Portland, Oregon: A Place For Pinheads

I've lived most of my life in the Portland area, and I've admitted that prior to my trip to Ground Kontrol in 2013, I hadn't stepped foot inside an arcade since the early 90's. After my trip to Ground Kontrol (and my return a year later), I had spotted a post on Pinside talking about the best places around Portland to play pinball. What I didn't realize was exactly how big Portland is regarding the pinball scene. So after doing some digging, what did I find out?

It's pretty freakin' huge.


That moment of realization came when I finally decided to go to Pinballmap.com. I had heard about this site from Pinside, but although it has been around since 2009, I had never checked it out until recently. Per their website:

"PinballMap.com is a crowdsourced pinball locator, showing all the public pinball machines in select regions of North America. Pick a region to find pinball machines to play near you! Help keep your map up to date by adding and removing machines from locations, and by submitting new locations that aren't already listed."

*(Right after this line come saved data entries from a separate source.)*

definition limit_edges :: "'v set \<Rightarrow> ('v \<times> 'v) set \<Rightarrow> ('v node \<times> 'v node) set" where
  "limit_edges V E =
     {(NE \<omega>, NE \<eta>) | \<omega> \<eta>. \<omega> \<in> ends V E \<and> \<eta> \<in> ends V E \<and> \<omega> \<noteq> \<eta> \<and>
        (\<forall>X\<in>fsets V. compE V E X \<omega> \<noteq> compE V E X \<eta> \<longrightarrow>
           (\<exists>(a,b)\<in>E. a \<in> compE V E X \<omega> \<and> b \<in> compE V E X \<eta>))}
   \<union> {(NV v, NE \<omega>) | v \<omega>. v \<in> V \<and> \<omega> \<in> ends V E \<and>
        (\<forall>X\<in>fsets V. v \<notin> compE V E X \<omega> \<longrightarrow> (\<exists>b. (v,b) \<in> E \<and> b \<in> compE V E X \<omega>))}
   \<union> {(NE \<omega>, NV v) | v \<omega>. v \<in> V \<and> \<omega> \<in> ends V E \<and>
        (\<forall>X\<in>fsets V. v \<notin> compE V E X \<omega> \<longrightarrow> (\<exists>a. (a,v) \<in> E \<and> a \<in> compE V E X \<omega>))}"

definition all_edges :: "'v set \<Rightarrow> ('v \<times> 'v) set \<Rightarrow> ('v node \<times> 'v node) set" where
  "all_edges V E = {(NV u, NV w) | u w. (u,w) \<in> E} \<union> limit_edges V E"

definition node_in :: "'v set \<Rightarrow> ('v \<times> 'v) set \<Rightarrow> 'v set \<Rightarrow> 'v set \<Rightarrow> 'v node \<Rightarrow> bool" where
  "node_in V E X C x = (case x of NV v \<Rightarrow> v \<in> C | NE \<eta> \<Rightarrow> \<eta> \<in> ends V E \<and> compE V E X \<eta> = C)"

text \<open>Points: nodes, and inner points (e, t), 0 < t < 1, of edges e of E(D) \<union> Lambda(D);
  the tail of e is identified with 0 and the head with 1.\<close>
datatype 'v pt = Node "'v node" | Inner "'v node \<times> 'v node" real

definition DPoints :: "'v set \<Rightarrow> ('v \<times> 'v) set \<Rightarrow> 'v pt set" where
  "DPoints V E = Node ` nodes V E \<union> {Inner e t | e t. e \<in> all_edges V E \<and> 0 < t \<and> t < 1}"

definition vstar :: "'v set \<Rightarrow> ('v \<times> 'v) set \<Rightarrow> 'v \<Rightarrow> real \<Rightarrow> 'v pt set" where
  "vstar V E v \<epsilon> = {Node (NV v)}
     \<union> {Inner e t | e t. e \<in> all_edges V E \<and> fst e = NV v \<and> 0 < t \<and> t < \<epsilon>}
     \<union> {Inner e t | e t. e \<in> all_edges V E \<and> snd e = NV v \<and> 1 - \<epsilon> < t \<and> t < 1}"

definition hatC :: "'v set \<Rightarrow> ('v \<times> 'v) set \<Rightarrow> 'v set \<Rightarrow> (nat \<Rightarrow> 'v) set \<Rightarrow> real \<Rightarrow> 'v pt set" where
  "hatC V E X \<omega> \<epsilon> = (let C = compE V E X \<omega>; inC = node_in V E X C in
       {Node x | x. x \<in> nodes V E \<and> inC x}
     \<union> {Inner e t | e t. e \<in> all_edges V E \<and> inC (fst e) \<and> inC (snd e) \<and> 0 < t \<and> t < 1}
     \<union> {Inner e t | e t. e \<in> all_edges V E \<and> inC (fst e) \<and> \<not> inC (snd e) \<and> 0 < t \<and> t < \<epsilon>}
     \<union> {Inner e t | e t. e \<in> all_edges V E \<and> \<not> inC (fst e) \<and> inC (snd e) \<and> 1 - \<epsilon> < t \<and> t < 1})"

definition band :: "'v set \<Rightarrow> ('v \<times> 'v) set \<Rightarrow> ('v node \<Rightarrow> bool) \<Rightarrow> ('v node \<Rightarrow> bool) \<Rightarrow> real \<Rightarrow> real \<Rightarrow> 'v pt set" where
  "band V E Pt Ph z \<epsilon> = {Inner e t | e t. e \<in> all_edges V E \<and> Pt (fst e) \<and> Ph (snd e)
       \<and> \<bar>t - z\<bar> < \<epsilon> \<and> 0 < t \<and> t < 1}"

definition DBasis :: "'v set \<Rightarrow> ('v \<times> 'v) set \<Rightarrow> 'v pt set set" where
  "DBasis V E =
     {DPoints V E}
   \<union> {vstar V E v \<epsilon> | v \<epsilon>. v \<in> V \<and> 0 < \<epsilon> \<and> \<epsilon> < 1}
   \<union> {{Inner (NV u, NV w) t | t. a < t \<and> t < b} | u w a b. (u,w) \<in> E \<and> 0 \<le> a \<and> a < b \<and> b \<le> 1}
   \<union> {hatC V E X \<omega> \<epsilon> | X \<omega> \<epsilon>. X \<in> fsets V \<and> \<omega> \<in> ends V E \<and> 0 < \<epsilon> \<and> \<epsilon> < 1}
   \<union> {band V E (node_in V E X (compE V E X \<omega>)) (node_in V E X (compE V E X \<eta>)) z \<epsilon>
        | X \<omega> \<eta> z \<epsilon>. (NE \<omega>, NE \<eta>) \<in> limit_edges V E \<and> X \<in> fsets V
            \<and> compE V E X \<omega> \<noteq> compE V E X \<eta> \<and> 0 < z \<and> z < 1 \<and> 0 < \<epsilon>}
   \<union> {band V E (\<lambda>x. x = NV v) (node_in V E X (compE V E X \<omega>)) z \<epsilon>
        | X v \<omega> z \<epsilon>. (NV v, NE \<omega>) \<in> limit_edges V E \<and> X \<in> fsets V \<and> v \<in> X
            \<and> 0 < z \<and> z < 1 \<and> 0 < \<epsilon>}
   \<union> {band V E (node_in V E X (compE V E X \<omega>)) (\<lambda>x. x = NV v) z \<epsilon>
        | X v \<omega> z \<epsilon>. (NE \<omega>, NV v) \<in> limit_edges V E \<and> X \<in> fsets V \<and> v \<in> X
            \<and> 0 < z \<and> z < 1 \<and> 0 < \<epsilon>}"

definition DTop :: "'v set \<Rightarrow> ('v \<times> 'v) set \<Rightarrow> 'v pt topology" where
  "DTop V E = topology_generated_by (DBasis V E)"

So when I first pulled up the site, I wasn't sure what to expect. There was a list of regions, with each region reporting the number of locations that have pinball machines and also the total number of machines. As I looked through the list or regions, I was impressed by the number of locations and machines in some areas...the Bay Area was truly impressive with 257 locations and 602 machines, but it is a huge area, and traffic is crazy, making it tough to get from some places to others. It also includes the Pacific Pinball Museum with its 86 machines. Chicago, Pittsburgh, and Seattle also have an impressive number of machines, and Wisconsin has a ton of locations, but it's a listing for an entire state. But then I got to Portland, and my jaw dropped.

293 locations, 711 machines.


Here are the top 5 regions for "number of locations" on PinballMap:
Wisconsin - 312
Portland - 293
Bay Area - 257
Chicago - 204
Los Angeles - 190

And the top 5 for "number of machines":
Portland - 711
Bay Area - 602
Pittsburgh - 522
Chicago - 504
Wisconsin - 491

Portland is the 28th largest city in the U.S., but it is beating every city that is bigger than it is, in both locations and number of machines, and is beating entire states with big numbers (Wisconsin, Colorado) in number of machines.

So I started looking at where these machines were located to help me focus on where I would like to visit to do future writeups. Some locations are on the coast, some are in Salem, some are across the Columbia River in Vancouver, Washington, and a few are in the Columbia Gorge/Mt. Hood areas, meaning they are a good 30-60 minutes or more from downtown Portland. Even with those 100+ machines subtracted, there are still about 600 machines in the metropolitan area, which is incredible. If that's not enough, there are also 3 other regions listed for Oregon - Eugene/Springfield, Southern Oregon, and Bend - so Portland is not the only location for the state.

Oh, and one more thing about about PinballMap: it was developed by a couple of guys named Scott Wainstock and Ryan Gratzer, who live in - you guessed it - Portland.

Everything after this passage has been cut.